In het Nederland van de veertiende eeuw leefde er in Voorne een machtige edelman die aan een toen heel bekende schrijver de opdracht gaf een Arthurroman te schrijven die precies één winter moest vullen. Die schrijver heette Lodewijk van Velthem en met vijf schrijvers (kopiïsten) ging hij aan de slag om alle toen bekende middelnederlandse Arthurverhalen te verknopen tot één geheel. Twee dikke boeken waren na vijf jaar monnikenwerk het resultaat, twee dikke boeken met Lancelot als hoofpersoon. Helaas is het eerste boek verloren gegaan, maar het tweede boek is nog altijd de belangrijkste bron van alle nu nog bekende Middelnederlandse verhalen over koning Arthur en zijn ridders. Dit boek staat bekend als de Lancelotcompilatie of het Haagse Handschrift, of de Haagse Lancelotcompilatie. Ook voor eerdere sprookverhalen heeft Agave Kruijssen al uit dit werk geput. Voor Afscheid van Arthur gebruikte zij het laatste deel uit dit boek, Arturs doet (Arthurs dood), maar daardoorheen weefde zij allerlei andere verhalen over Arthur, deels uit de Lancelotcompilatie, deels uit ander werk van de schrijver Jacob van Maerlant (Historie van de Grale - Boek van Merline). Voor een deel ook verzon zij zelf verhalen, of beter: ze kwamen als vanzelf op, want als je heel lang met bepaalde hoofdpersonen werkt, gaan ze hun eigen leven leiden.
Al deze spannende, grappige, romantische en droevige verhalen samen vertellen de dramatische geschiedenis van Arthur en de ridders van de Ronde Tafel. Dat gebeurt niet voor het eerst, zul je zeggen, dus waarom zou je het nog een keer doen? De belangrijkste reden is dat Agave Kruijssen altijd terugkeert naar de middeleeuwse bron en het verrassende is, dat je daar vaak een heel ander verhaal aantreft dan het verhaal dat nu wordt verteld in modernere boeken en films. Wij zijn gewend aan het verhaal over Arthur, Lancelot en Gwinnevere. Zoals bekend was Arthur met Gwinnevere getrouwd, maar Lancelot en Gwinnevere waren verliefd op elkaar. In moderne versies gaat Arthurs rijk ten onder omdat die verboden verhouding aan het licht komt.
Voor een middeleeuwer zou dat verbijsterend zijn. Bijna niemand in adellijke kringen trouwde in de middeleeuwen uit liefde. Een huwelijk werd gesloten om politieke of economische redenen. Je liep dus een grote kans verliefd te worden op iemand met wie je niet getrouwd was.

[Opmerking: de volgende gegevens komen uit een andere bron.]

(* Let $F$ be a finite field of characteristic $3$. Let $k\ge 0$ be an integer, $m=3k+1$, and $t$ an integer with $t^3\equiv 1\pmod m$ and $\gcd(m,t-1)=1$. Let $G=T_{3m}=\langle x,y\mid x^m=y^3=1,\ y^{-1}xy=x^t\rangle$ (of order $3m$) and $FG$ its group algebra. Let $s\in FG$ be the sum of all elements of $G$ whose order is a power of $3$ (including the identity), and let $\mathrm{Anh}(s)=\{\alpha\in FG\mid \alpha s=s\alpha=0\}$. Then $\mathrm{Anh}(s)\subseteq J(FG)$.
   Context: $J(FG)$ denotes the Jacobson radical of $FG$. *)

theory Defs
  imports "HOL-Algebra.Algebra" "HOL-Number_Theory.Cong"
begin

text \<open>The metacyclic group T_{3m} = < x, y | x^m = y^3 = 1, y^-1 x y = x^t >,
  realised concretely: the pair (a,b) with 0 \<le> a < m, 0 \<le> b < 3 stands for x^a y^b.
  Since y^b x^c = x^(c t^(2b)) y^b (using t^3 = 1 mod m), the product is
  (x^a y^b)(x^c y^d) = x^(a + c t^(2b)) y^(b+d).\<close>
definition T_mult :: "nat \<Rightarrow> int \<Rightarrow> nat \<times> nat \<Rightarrow> nat \<times> nat \<Rightarrow> nat \<times> nat" where
  "T_mult m t p q = (nat ((int (fst p) + int (fst q) * t ^ (2 * snd p)) mod int m),
                     (snd p + snd q) mod 3)"

definition T_group :: "nat \<Rightarrow> int \<Rightarrow> (nat \<times> nat) monoid" where
  "T_group m t = \<lparr> carrier = {0..<m} \<times> {0..<3}, monoid.mult = T_mult m t, monoid.one = (0, 0) \<rparr>"

definition group_algebra :: "('g, 'm) monoid_scheme \<Rightarrow> ('g \<Rightarrow> 'a::field) ring" where
  "group_algebra G = \<lparr> carrier = {f. \<forall>g. g \<notin> carrier G \<longrightarrow> f g = 0},
     monoid.mult = (\<lambda>\<alpha> \<beta> g. if g \<in> carrier G then
                  (\<Sum>(h, k) \<in> {(h, k). h \<in> carrier G \<and> k \<in> carrier G \<and> h \<otimes>\<^bsub>G\<^esub> k = g}. \<alpha> h * \<beta> k)
                else 0),
     monoid.one = (\<lambda>g. if g = \<one>\<^bsub>G\<^esub> then 1 else 0),
     ring.zero = (\<lambda>g. 0),
     ring.add = (\<lambda>\<alpha> \<beta> g. \<alpha> g + \<beta> g) \<rparr>"

definition left_ideal :: "'a set \<Rightarrow> ('a, 'b) ring_scheme \<Rightarrow> bool" where
  "left_ideal I R \<longleftrightarrow> additive_subgroup I R \<and>
     (\<forall>r \<in> carrier R. \<forall>a \<in> I. r \<otimes>\<^bsub>R\<^esub> a \<in> I)"

definition maximal_left_ideal :: "'a set \<Rightarrow> ('a, 'b) ring_scheme \<Rightarrow> bool" where
  "maximal_left_ideal I R \<longleftrightarrow> left_ideal I R \<and> I \<noteq> carrier R \<and>
     (\<forall>J. left_ideal J R \<and> I \<subseteq> J \<and> J \<noteq> carrier R \<longrightarrow> J = I)"

definition jacobson_radical :: "('a, 'b) ring_scheme \<Rightarrow> 'a set" where
  "jacobson_radical R = carrier R \<inter> \<Inter> {I. maximal_left_ideal I R}"

end

theory Submission
  imports Defs
begin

De liefde (minne) tussen Lancelot en Gwinnevere was een voorbeeld voor iedereen die iets dergelijks doormaakte, ook voor de bedrogen echtgenoot. Overspel was iets waar je als redelijke mensen een nette oplossing voor kon verzinnen. Het was zeker geen reden om oorlog te voeren of een koninkrijk op het spel te zetten.
In de ogen van de middeleeuwse luisteraar was die liefde dus niet het echte probleem. Dat hebben wij ervan gemaakt, omdat wij nu wél uit liefde trouwen en huwelijkstrouw heel belangrijk vinden. Nee, voor de middeleeuwer speelde een heel ander probleem: de plotselinge vijandschap tussen de twee vrienden en strijdmakkers Lancelot en Walewein, want door die vijandschap viel de orde van de Ronde Tafel uiteen. Toen konden allerlei kwade krachten de overhand krijgen, zoals Mordred die uit was op het koningsschap. Hoe dat precies is gegaan kun je nu lezen in Afscheid van Arthur: het échte verhaal over Arthur en zijn ridders van de Ronde Tafel. Geen waargebeurd verhaal, maar voor de luisteraars van toen net zo levensecht als soaps en andere tv-series voor het publiek van nu, omdat het gaat over gevoelens die niemand vreemd zijn: vriendschap, liefde, trouw, eer en haat.